Ludington, Mich. resident Terry Grams enjoys when deer visit his yard. He estimates several generations of the same family have come through, so the idea of having them slaughtered a couple of blocks from his home was very upsetting.  

The Ludington City Council had voted at the end of 2022 to enter a contract with the U.S. Dept. Of Agriculture Animal and Plant Health Inspection Service to slaughter at least 40 deer within the city using $50,000 of American Rescue Plan Act funds, which were provided to the city because of government shutdowns during the pandemic.  

Grams put together a website, www.stopthedeercull.org and took out newspaper ads to protest the killing spree.  

“How is it OK to kill a female deer because she ate some of your flowers?” asked Grams. 

He explained that when he started to put the website together, he was searching information on animal rights organizations and found Friends of Animals. Several organizations wrote back, but FoA was the only one that took independent action to help by rallying our members to contact city council members to oppose the hunt.  

“That was extremely helpful not only because I am sure city officials took note of a large national organization supporting my efforts and the consequences of the potential of negative publicity, but for the encouragement it gave me to keep going,” Grams said. “It helped a lot when I was told I was wasting my money on newspaper advertising and my time on the website.” 

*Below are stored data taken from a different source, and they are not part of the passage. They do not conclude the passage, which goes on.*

lemma centralizer_subset_factor:
  assumes a: "a \<in> factor False"
    and conj: "\<And>p. p \<in> factor False \<Longrightarrow> invG p \<cdot> a \<cdot> p \<notin> amalg"
    and g: "g \<in> carrier GC" "g \<cdot> a = a \<cdot> g"
  shows "g \<in> factor False"
proof -
  obtain c xs where nf: "normal_form (c, xs)" and g_eq: "g = nf_eval (c, xs)"
    using normal_form_exists[OF g(1)] .
  show ?thesis
  proof (cases "\<exists>e\<in>set xs. fst e")
    case False
    with nf have "syllables_prod xs \<in> factor False"
      by (auto intro!: syllables_prod_in_factor)
    moreover have "c \<in> factor False"
      using nf amalg_subset_factor by auto
    ultimately show ?thesis
      using g_eq factor_mult_closed by simp
  next
    case True
    then obtain p ms q where pq: "p \<in> factor False" "q \<in> factor False"
        and ms: "normal_form (idG, ms)" "ms \<noteq> []" "fst (hd ms)" "fst (last ms)"
        and g_pmq: "g = p \<cdot> syllables_prod ms \<cdot> q"
      using normal_form_factor_decomposition nf g_eq by metis
    have closed: "p \<in> carrier GC" "q \<in> carrier GC" "a \<in> carrier GC" "invG q \<in> factor False"
        "syllables_prod ms \<in> carrier GC"
      using pq a ms(1) factor_subset_carrier subgroup.m_inv_closed[OF subgroup_factor]
        normal_form_syllables_closed syllables_prod_closed by auto
    have "syllables_prod ms \<cdot> (q \<cdot> a \<cdot> invG q) = (invG p \<cdot> a \<cdot> p) \<cdot> syllables_prod ms"
      using G.commute_imp_conj_intertwines closed g(2) g_pmq by blast
    moreover have "q \<cdot> a \<cdot> invG q \<notin> amalg"
      using conj[OF closed(4)] closed by simp
    moreover have "invG p \<cdot> a \<cdot> p \<notin> amalg"
      using conj[OF pq(1)] .
    ultimately show ?thesis
      using prod_mult_ne_mult_prod[OF ms] pq a closed subgroup.m_inv_closed[OF subgroup_factor]
        factor_mult_closed by metis
  qed
qed

lemma conj_even_word_notin_amalg:
  assumes w: "w \<in> lists Gens" "even (length w)" "cls w \<noteq> idG" and p: "p \<in> carrier GC"
  shows "invG p \<cdot> cls w \<cdot> p \<notin> amalg"
proof
  obtain v where v: "v \<in> lists Gens" "p = cls v"
    using carrier_GC_cases[OF p] .
  have conj: "invG p \<cdot> cls w \<cdot> p = cls (rev v @ w @ v)"
    using v w(1) by (simp add: inv_cls mult_cls)
  assume "invG p \<cdot> cls w \<cdot> p \<in> amalg"
  then consider "invG p \<cdot> cls w \<cdot> p = idG" | "invG p \<cdot> cls w \<cdot> p = s4"
    unfolding amalg_def by blast
  then show False
  proof cases
    case 1
    have "cls w = p \<cdot> (invG p \<cdot> cls w \<cdot> p) \<cdot> invG p"
      using p w(1) cls_in_carrier by (simp add: G.m_assoc flip: G.inv_solve_left)
    with 1 w(3) p show False
      by simp
  next
    case 2
    then have "(rev v @ w @ v, [(Vs, 4)]) \<in> weq"
      unfolding conj s4_def cls_eq_iff .
    then show False
      using weq_even_length w(2) by fastforce
  qed
qed

lemma factor_False_subset_S5s: "factor False \<subseteq> S5s"
proof -
  have "cls w \<in> S5s" if "w \<in> lists (factor_letters False)" for w
    using that
  proof (induction w)
    case Nil
    then show ?case
      unfolding S5s_def using generate.one[of GC] by (simp add: one_GC)
  next
    case (Cons l w)
    then have "cls [l] \<in> S5s" "[l] \<in> lists Gens" "w \<in> lists Gens"
      unfolding S5s_def factor_letters_def Gens_def by (auto intro: generate.incl)
    moreover have "cls w \<in> S5s"
      using Cons by simp
    ultimately show ?case
      unfolding S5s_def using generate.eng[of "cls [l]" GC _ "cls w"] by (simp add: mult_cls)
  qed
  then show ?thesis
    unfolding factor_def by blast
qed

theorem lemma4p24:
  assumes "a \<in> A5s"
    and "a \<otimes>\<^bsub>GC\<^esub> a = \<one>\<^bsub>GC\<^esub>"
    and "a \<noteq> \<one>\<^bsub>GC\<^esub>"
  shows "{g \<in> carrier GC. g \<otimes>\<^bsub>GC\<^esub> a = a \<otimes>\<^bsub>GC\<^esub> g} \<subseteq> S5s"
proof
  fix g
  assume "g \<in> {g \<in> carrier GC. g \<otimes>\<^bsub>GC\<^esub> a = a \<otimes>\<^bsub>GC\<^esub> g}"
  then have g: "g \<in> carrier GC" "g \<cdot> a = a \<cdot> g"
    by auto
  obtain w where w: "w \<in> lists (factor_letters False)" "even (length w)" "a = cls w"
    using assms(1) unfolding A5s_def factor_letters_def by auto
  then have "a \<in> factor False"
    unfolding factor_def by blast
  moreover have "invG p \<cdot> a \<cdot> p \<notin> amalg" if "p \<in> factor False" for p
    using conj_even_word_notin_amalg w assms(3) that factor_letters_subset_Gens factor_subset_carrier
    by blast
  ultimately have "g \<in> factor False"
    using centralizer_subset_factor g by blast
  then show "g \<in> S5s"
    using factor_False_subset_S5s by blast
qed

end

On Jan. 9, the Ludington City Council shot down a proposed deer hunt, delivering a much needed and deserved victory for these beloved mammals.  

“We applaud Terry Grams for his energetic, resourceful activism and for his persistence,” said Priscilla Feral, president of Friends of Animals. “Elected officials do have to be held accountable, and we hope this and the other stories inspire our members around the country to work tirelessly to protect wildlife in their midst. These victories are more proof that public backlash matters.”